### [Input data]
↓↓↓

section \<open>Non-integer positive \<open>\<alpha>\<close>\<close>

lemma poly_abs_le_exp:
  fixes p :: "real poly"
  shows "\<exists>K c. K \<ge> 0 \<and> c \<ge> 0 \<and> (\<forall>z. \<bar>poly p z\<bar> \<le> K * exp (c * \<bar>z\<bar>))"
proof (induction p)
  case 0
  show ?case by (intro exI[of _ 0]) auto
next
  case (pCons a p)
  then obtain K c where K: "K \<ge> 0" "c \<ge> 0" "\<And>z. \<bar>poly p z\<bar> \<le> K * exp (c * \<bar>z\<bar>)"
    by blast
  have "\<bar>poly (pCons a p) z\<bar> \<le> (\<bar>a\<bar> + K) * exp ((c + 1) * \<bar>z\<bar>)" for z
  proof -
    have "\<bar>z\<bar> \<le> exp \<bar>z\<bar>"
      using exp_ge_add_one_self[of "\<bar>z\<bar>"] by linarith
    then have "\<bar>z\<bar> * \<bar>poly p z\<bar> \<le> exp \<bar>z\<bar> * (K * exp (c * \<bar>z\<bar>))"
      using K by (intro mult_mono) auto
    also have "\<dots> = K * exp ((c + 1) * \<bar>z\<bar>)"
      by (simp add: algebra_simps flip: exp_add)
    finally have "\<bar>z\<bar> * \<bar>poly p z\<bar> \<le> K * exp ((c + 1) * \<bar>z\<bar>)" .
    moreover have "\<bar>a\<bar> \<le> \<bar>a\<bar> * exp ((c + 1) * \<bar>z\<bar>)"
      using K by (simp add: mult_le_cancel_left1)
    moreover have "\<bar>poly (pCons a p) z\<bar> \<le> \<bar>a\<bar> + \<bar>z\<bar> * \<bar>poly p z\<bar>"
      by (simp add: abs_mult [symmetric] abs_triangle_ineq)
    ultimately show ?thesis
      by (simp add: algebra_simps)
  qed
  then show ?case
    using K by (intro exI[of _ "\<bar>a\<bar> + K"] exI[of _ "c + 1"]) auto
qed

lemma integral_has_real_derivative_dominated:
  fixes f f' :: "real \<Rightarrow> real \<Rightarrow> real" and S :: "real set"
  assumes int: "\<And>y. f y integrable_on S"
    and der: "\<And>u y. u \<in> S \<Longrightarrow> ((\<lambda>y. f y u) has_real_derivative f' y u) (at y)"
    and bound: "\<And>u y. u \<in> S \<Longrightarrow> \<bar>y - x\<bar> \<le> 1 \<Longrightarrow> \<bar>f' y u\<bar> \<le> B u"
    and B: "B integrable_on S"
  shows "((\<lambda>y. integral S (f y)) has_real_derivative integral S (f' x)) (at x)"
  unfolding DERIV_def
proof (subst tendsto_at_iff_sequentially, intro allI impI)
  fix X :: "nat \<Rightarrow> real"
  assume X0: "\<forall>i. X i \<in> UNIV - {0}" and X: "X \<longlonglongrightarrow> 0"
  obtain N where N: "\<And>i. i \<ge> N \<Longrightarrow> \<bar>X i\<bar> < 1"
    using LIMSEQ_D[OF X, of 1] by auto
  define Y where "Y i = X (i + N)" for i
  have Y0: "Y i \<noteq> 0" and Y1: "\<bar>Y i\<bar> \<le> 1" for i
    using X0 N[of "i + N"] by (auto simp: Y_def)
  have Y: "filterlim Y (at 0) sequentially"
    unfolding filterlim_at Y_def using LIMSEQ_ignore_initial_segment[OF X] Y0 by (auto simp: Y_def)
  define q where "q h u = (f (x + h) u - f x u) / h" for h u
  have "q (Y i) integrable_on S" for i
    unfolding q_def divide_inverse by (intro integrable_on_mult_left integrable_diff int)
  moreover have "norm (q (Y i) u) \<le> B u" if u: "u \<in> S" for i u
  proof -
    have "norm (f (x + Y i) u - f x u) \<le> B u * norm (x + Y i - x)"
      using Y1[of i] bound[OF u] der[OF u]
      by (intro field_differentiable_bound[of "cball x 1" _ "\<lambda>y. f' y u"])
         (auto simp: dist_real_def has_field_derivative_at_within)
    then show ?thesis
      unfolding q_def using Y0[of i] by (simp add: divide_le_eq mult.commute)
  qed
  moreover have "(\<lambda>i. q (Y i) u) \<longlonglongrightarrow> f' x u" if u: "u \<in> S" for u
    using filterlim_compose[OF der[OF u, of x, unfolded DERIV_def] Y] by (simp add: q_def o_def)
  ultimately have "(\<lambda>i. integral S (q (Y i))) \<longlonglongrightarrow> integral S (f' x)"
    by (intro dominated_convergence(2)[OF _ B]) auto
  moreover have "integral S (q h) = (integral S (f (x + h)) - integral S (f x)) / h" for h
    unfolding q_def divide_inverse by (simp add: integral_diff int)
  ultimately have "(\<lambda>i. ((\<lambda>h. (integral S (f (x + h)) - integral S (f x)) / h) \<circ> X) (i + N))
      \<longlonglongrightarrow> integral S (f' x)"
    by (simp add: Y_def o_def)
  then show "((\<lambda>h. (integral S (f (x + h)) - integral S (f x)) / h) \<circ> X) \<longlonglongrightarrow> integral S (f' x)"
    by (rule LIMSEQ_offset)
qed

↑↑↑

All lines from the beginning of the listing through the one with "f y integrable_on" are to be restated word for word, and only those.

section \<open>Non-integer positive \<open>\<alpha>\<close>\<close>

lemma poly_abs_le_exp:
  fixes p :: "real poly"
  shows "\<exists>K c. K \<ge> 0 \<and> c \<ge> 0 \<and> (\<forall>z. \<bar>poly p z\<bar> \<le> K * exp (c * \<bar>z\<bar>))"
proof (induction p)
  case 0
  show ?case by (intro exI[of _ 0]) auto
next
  case (pCons a p)
  then obtain K c where K: "K \<ge> 0" "c \<ge> 0" "\<And>z. \<bar>poly p z\<bar> \<le> K * exp (c * \<bar>z\<bar>)"
    by blast
  have "\<bar>poly (pCons a p) z\<bar> \<le> (\<bar>a\<bar> + K) * exp ((c + 1) * \<bar>z\<bar>)" for z
  proof -
    have "\<bar>z\<bar> \<le> exp \<bar>z\<bar>"
      using exp_ge_add_one_self[of "\<bar>z\<bar>"] by linarith
    then have "\<bar>z\<bar> * \<bar>poly p z\<bar> \<le> exp \<bar>z\<bar> * (K * exp (c * \<bar>z\<bar>))"
      using K by (intro mult_mono) auto
    also have "\<dots> = K * exp ((c + 1) * \<bar>z\<bar>)"
      by (simp add: algebra_simps flip: exp_add)
    finally have "\<bar>z\<bar> * \<bar>poly p z\<bar> \<le> K * exp ((c + 1) * \<bar>z\<bar>)" .
    moreover have "\<bar>a\<bar> \<le> \<bar>a\<bar> * exp ((c + 1) * \<bar>z\<bar>)"
      using K by (simp add: mult_le_cancel_left1)
    moreover have "\<bar>poly (pCons a p) z\<bar> \<le> \<bar>a\<bar> + \<bar>z\<bar> * \<bar>poly p z\<bar>"
      by (simp add: abs_mult [symmetric] abs_triangle_ineq)
    ultimately show ?thesis
      by (simp add: algebra_simps)
  qed
  then show ?case
    using K by (intro exI[of _ "\<bar>a\<bar> + K"] exI[of _ "c + 1"]) auto
qed

lemma integral_has_real_derivative_dominated:
  fixes f f' :: "real \<Rightarrow> real \<Rightarrow> real" and S :: "real set"
  assumes int: "\<And>y. f y integrable_on S"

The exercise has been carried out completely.